> _DATA TO EXAMINE_
§

lemma compress_preimage:
  assumes M: "M \<in> pmat V" and XM: "X \<subseteq> M" and "finite V"
    and \<sigma>: "\<sigma> \<in> pmat W" and WX: "W \<subseteq> \<Union>X" and room: "card (\<Union>X - W) \<le> card (V - \<Union>X)"
  shows "\<exists>M' \<in> pmat V. inner M' (\<Union>X) = \<sigma> \<and> compress X M' = M"
proof -
  define Y where "Y = \<Union>X"
  define C where "C = canon (Y - W)"
  have YV: "Y \<subseteq> V"
    using XM pmat_Union[OF M] unfolding Y_def by blast
  then have fin: "finite Y" "finite (V - Y)" "finite W"
    using \<open>finite V\<close> finite_subset[OF WX[folded Y_def]] finite_subset[OF YV] by auto
  have F: "M - X \<in> pmat (V - Y)"
    using pmat_Diff[OF M XM] unfolding Y_def .
  have "card (Y - W) = 2 * (card X - card \<sigma>)"
    using pmat_card[OF pmat_subset[OF M XM]] pmat_card[OF \<sigma>] fin WX
    by (simp add: card_Diff_subset Y_def)
  then have C: "C \<in> pmat (Y - W)"
    unfolding C_def using fin by (intro canon_in) auto
  have "2 * card C \<le> 2 * card (M - X)"
    using room pmat_card[OF C] pmat_card[OF F] fin unfolding Y_def by simp
  then obtain M' where M': "M' \<in> pmat (Y \<union> (V - Y))" "inner M' Y = \<sigma>"
    and F_eq: "outer M' Y \<union> partners M' ` C = M - X"
    using exchange_matching[OF _ fin(1,2) F \<sigma> _ C] WX unfolding Y_def by auto
  have "compress X M' = X \<union> (outer M' Y \<union> partners M' ` C)"
    unfolding compress_def Y_def[symmetric] M'(2) pmat_Union[OF \<sigma>] C_def[symmetric]
    by (simp add: Un_assoc)
  also have "\<dots> = M"
    using F_eq XM by auto
  finally have "compress X M' = M" .
  moreover have "Y \<union> (V - Y) = V"
    using YV by auto
  ultimately show ?thesis
    using M' unfolding Y_def by auto
qed

lemma fibre_large:
  assumes M: "M \<in> pmat V" and XM: "X \<subseteq> M" and "finite V" "card V = 2 * n" "card X = x"
  shows "card (pmat_within (\<Union>X) (2 * x - n) x) \<le> card {M' \<in> pmat V. compress X M' = M}"
proof -
  define Y where "Y = \<Union>X"
  define fibre where "fibre = {M' \<in> pmat V. compress X M' = M}"
  have YV: "Y \<subseteq> V"
    using XM pmat_Union[OF M] unfolding Y_def by blast
  then have "finite Y"
    using \<open>finite V\<close> finite_subset by blast
  then have cardY: "card Y = 2 * x"
    using pmat_card[OF pmat_subset[OF M XM]] \<open>card X = x\<close> unfolding Y_def by simp
  have "pmat_within Y (2 * x - n) x \<subseteq> (\<lambda>M'. inner M' Y) ` fibre"
  proof
    fix \<sigma> assume "\<sigma> \<in> pmat_within Y (2 * x - n) x"
    then obtain j W where j: "2 * x - n \<le> j" "j \<le> x" and W: "W \<subseteq> Y" "card W = 2 * j"
      and \<sigma>: "\<sigma> \<in> pmat W"
      unfolding pmat_within_def by auto
    have "card (Y - W) = 2 * x - 2 * j"
      using W cardY \<open>finite Y\<close> by (simp add: card_Diff_subset finite_subset)
    moreover have "card (V - Y) = 2 * n - 2 * x"
      using YV cardY \<open>finite Y\<close> \<open>card V = 2 * n\<close> by (simp add: card_Diff_subset)
    ultimately have "card (Y - W) \<le> card (V - Y)"
      using j by linarith
    then obtain M' where "M' \<in> pmat V" "inner M' Y = \<sigma>" "compress X M' = M"
      using compress_preimage[OF M XM \<open>finite V\<close> \<sigma>] W unfolding Y_def by blast
    then show "\<sigma> \<in> (\<lambda>M'. inner M' Y) ` fibre"
      unfolding fibre_def by force
  qed
  moreover have "finite fibre"
    unfolding fibre_def using pmat_finite[OF \<open>finite V\<close>] by simp
  ultimately have "card (pmat_within Y (2 * x - n) x) \<le> card fibre"
    by (meson card_image_le card_mono finite_imageI le_trans)
  then show ?thesis
    unfolding Y_def fibre_def .
qed

text \<open>Edge sets vertex-disjoint from X survive compression, so compression preserves the
  avoidance events.\<close>

lemma compress_keeps_disjoint:
  assumes "\<Union>X' \<inter> \<Union>X = {}" "X' \<subseteq> M"
  shows "X' \<subseteq> compress X M"
proof
  fix e assume "e \<in> X'"
  then have "e \<inter> \<Union>X = {}"
    using assms(1) by auto
  then show "e \<in> compress X M"
    using \<open>e \<in> X'\<close> assms(2) unfolding compress_def outer_def by auto
qed

lemma card_mult_le_by_fibres:
  assumes "finite U" "\<And>t. t \<in> T \<Longrightarrow> k \<le> card {u \<in> U. h u = t}"
  shows "card T * k \<le> card U"
proof (cases "k = 0")
  case False
  have "T \<subseteq> h ` U"
  proof
    fix t assume "t \<in> T"
    then have "{u \<in> U. h u = t} \<noteq> {}"
      using assms(2) False by (metis card.empty le_zero_eq)
    then show "t \<in> h ` U"
      by blast
  qed
  then have "finite T"
    using assms(1) finite_surj by blast
  have "card T * k = (\<Sum>t\<in>T. k)"
    by simp
  also have "\<dots> \<le> (\<Sum>t\<in>T. card {u \<in> U. h u = t})"
    using assms(2) by (rule sum_mono)
  also have "\<dots> = card (\<Union>t\<in>T. {u \<in> U. h u = t})"
    using \<open>finite T\<close> assms(1) by (intro card_UN_disjoint[symmetric]) auto
  also have "\<dots> \<le> card U"
    using assms(1) by (intro card_mono) auto
  finally show ?thesis .
qed simp

lemma switching_bound:
  assumes "finite P" "P \<noteq> {}" "0 < measure_pmf.prob (pmf_of_set P) E" "0 < k"
    and "\<And>M. M \<in> P \<inter> A \<inter> E \<Longrightarrow> k \<le> card {M' \<in> P \<inter> E. h M' = M}"
  shows "cond_prob (pmf_of_set P) A E \<le> 1 / real k"
proof -
  have "card (P \<inter> A \<inter> E) * k \<le> card (P \<inter> E)"
    using assms(1,5) by (intro card_mult_le_by_fibres[where h = h]) auto
  moreover have "card (P \<inter> E) > 0"
    using assms(3) measure_pmf_of_set[OF assms(2,1), of E] assms(1) by (auto simp: card_gt_0_iff)
  ultimately have "real (card (P \<inter> A \<inter> E)) / real (card (P \<inter> E)) \<le> 1 / real k"
    using \<open>0 < k\<close> by (simp add: field_simps flip: of_nat_mult)
  moreover have "cond_prob (pmf_of_set P) A E = real (card (P \<inter> A \<inter> E)) / real (card (P \<inter> E))"
    using measure_pmf_of_set[OF assms(2,1)] card_gt_0_iff[of P] assms(1,2)
    unfolding cond_prob_def by (simp add: Int_assoc)
  ultimately show ?thesis
    by simp
qed

lemma Kedges_iff: "e \<in> Kedges n \<longleftrightarrow> card e = 2 \<and> e \<subseteq> {0..<2 * n}"
  unfolding Kedges_def card_2_iff by (auto, blast)

lemma perfect_matchings_eq: "perfect_matchings n = pmat {0..<2 * n}"
proof (intro equalityI subsetI)
  fix M assume "M \<in> perfect_matchings n"
  then have "\<forall>e\<in>M. card e = 2" "\<forall>e\<in>M. \<forall>f\<in>M. e \<noteq> f \<longrightarrow> e \<inter> f = {}" "\<Union>M = {0..<2 * n}"
    unfolding perfect_matchings_def is_perfect_matching_def is_matching_def
    by (auto simp: Kedges_iff subset_iff)
  then show "M \<in> pmat {0..<2 * n}"
    unfolding pmat_def pairwise_def disjnt_def by simp
next
  fix M assume M: "M \<in> pmat {0..<2 * n}"
  then have "M \<subseteq> Kedges n"
    using pmat_edge[OF M] by (auto simp: Kedges_iff)
  then show "M \<in> perfect_matchings n"
    using pmat_disjoint[OF M] pmat_Union[OF M]
    unfolding perfect_matchings_def is_perfect_matching_def is_matching_def by auto
qed

theorem mainTheorem5:
  fixes n x s i :: nat and Ms :: "nat \<Rightarrow> nat set set" and X :: "nat set set"
    and S :: "(nat \<times> nat set set) set"
  assumes "0 < x" and "x \<le> n"
    and "\<forall>k\<in>{1..s}. is_perfect_matching n (Ms k)"
    and "i \<in> {1..s}" and "X \<subseteq> Ms i" and "is_x_matching n x X"
    and "\<forall>(i', X')\<in>S. i' \<in> {1..s} \<and> X' \<subseteq> Ms i' \<and> is_x_matching n x X'
                        \<and> \<Union>X' \<inter> \<Union>X = {}"
  defines "E \<equiv> {M. \<forall>(i', X')\<in>S. \<not> X' \<subseteq> M}"
    and "A \<equiv> {M. X \<subseteq> M}"
  assumes "measure_pmf.prob (PM_space n) E > 0"
  shows "cond_prob (PM_space n) A E \<le>
    1 / (\<Sum>j = 2*x - n..x. real ((2*x) choose (2*j)) * fact (2*j) / (fact j * 2 ^ j))"
proof -
  define V where "V = {0..<2 * n}"
  define I where "I = pmat_within (\<Union>X) (2 * x - n) x"
  have Mi: "Ms i \<in> pmat V" and PM: "PM_space n = pmf_of_set (pmat V)"
    using assms(3,4) unfolding PM_space_def V_def perfect_matchings_eq[symmetric]
    by (auto simp: perfect_matchings_def)
  have X: "X \<in> pmat (\<Union>X)" "card X = x" "finite (\<Union>X)"
    using pmat_subset[OF Mi assms(5)] assms(6) pmat_Union[OF Mi] assms(5)
    unfolding is_x_matching_def V_def by (auto intro: finite_subset)
  have N: "real (card I)
      = (\<Sum>j = 2*x - n..x. real ((2*x) choose (2*j)) * fact (2*j) / (fact j * 2 ^ j))"
    unfolding I_def using pmat_card[OF X(1,3)] X(2) by (intro real_card_pmat_within[OF X(3)]) simp
  have "card I \<le> card {M' \<in> pmat V \<inter> E. compress X M' = M}" if M: "M \<in> pmat V \<inter> A \<inter> E" for M
  proof -
    have "\<not> X' \<subseteq> M'" if "compress X M' = M" "(i', X') \<in> S" for M' i' X'
      using compress_keeps_disjoint[of X' X M'] bspec[OF assms(7) that(2)] M that
      unfolding E_def by auto
    then have "{M' \<in> pmat V \<inter> E. compress X M' = M} = {M' \<in> pmat V. compress X M' = M}"
      unfolding E_def by auto
    then show ?thesis
      using fibre_large[of M V X n x] M X(2) unfolding I_def V_def A_def by simp
  qed
  moreover have "0 < card I"
    using pmat_within_card_pos[OF X(3,1)] X(2) \<open>x \<le> n\<close> unfolding I_def by simp
  ultimately have "cond_prob (PM_space n) A E \<le> 1 / real (card I)"
    unfolding PM using assms(10) Mi
    by (intro switching_bound[where h = "compress X"]) (auto simp: pmat_finite V_def PM)
  then show ?thesis
    unfolding N .
qed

§

> _ABOUT THIS TASK_
Wherever the string "assumes" turns up in the material, copy the whole line.

> _SOLUTION TO THIS PROBLEM_
  assumes M: "M \<in> pmat V" and XM: "X \<subseteq> M" and "finite V"
  assumes M: "M \<in> pmat V" and XM: "X \<subseteq> M" and "finite V" "card V = 2 * n" "card X = x"
  assumes "\<Union>X' \<inter> \<Union>X = {}" "X' \<subseteq> M"
  assumes "finite U" "\<And>t. t \<in> T \<Longrightarrow> k \<le> card {u \<in> U. h u = t}"
  assumes "finite P" "P \<noteq> {}" "0 < measure_pmf.prob (pmf_of_set P) E" "0 < k"
  assumes "0 < x" and "x \<le> n"
  assumes "measure_pmf.prob (PM_space n) E > 0"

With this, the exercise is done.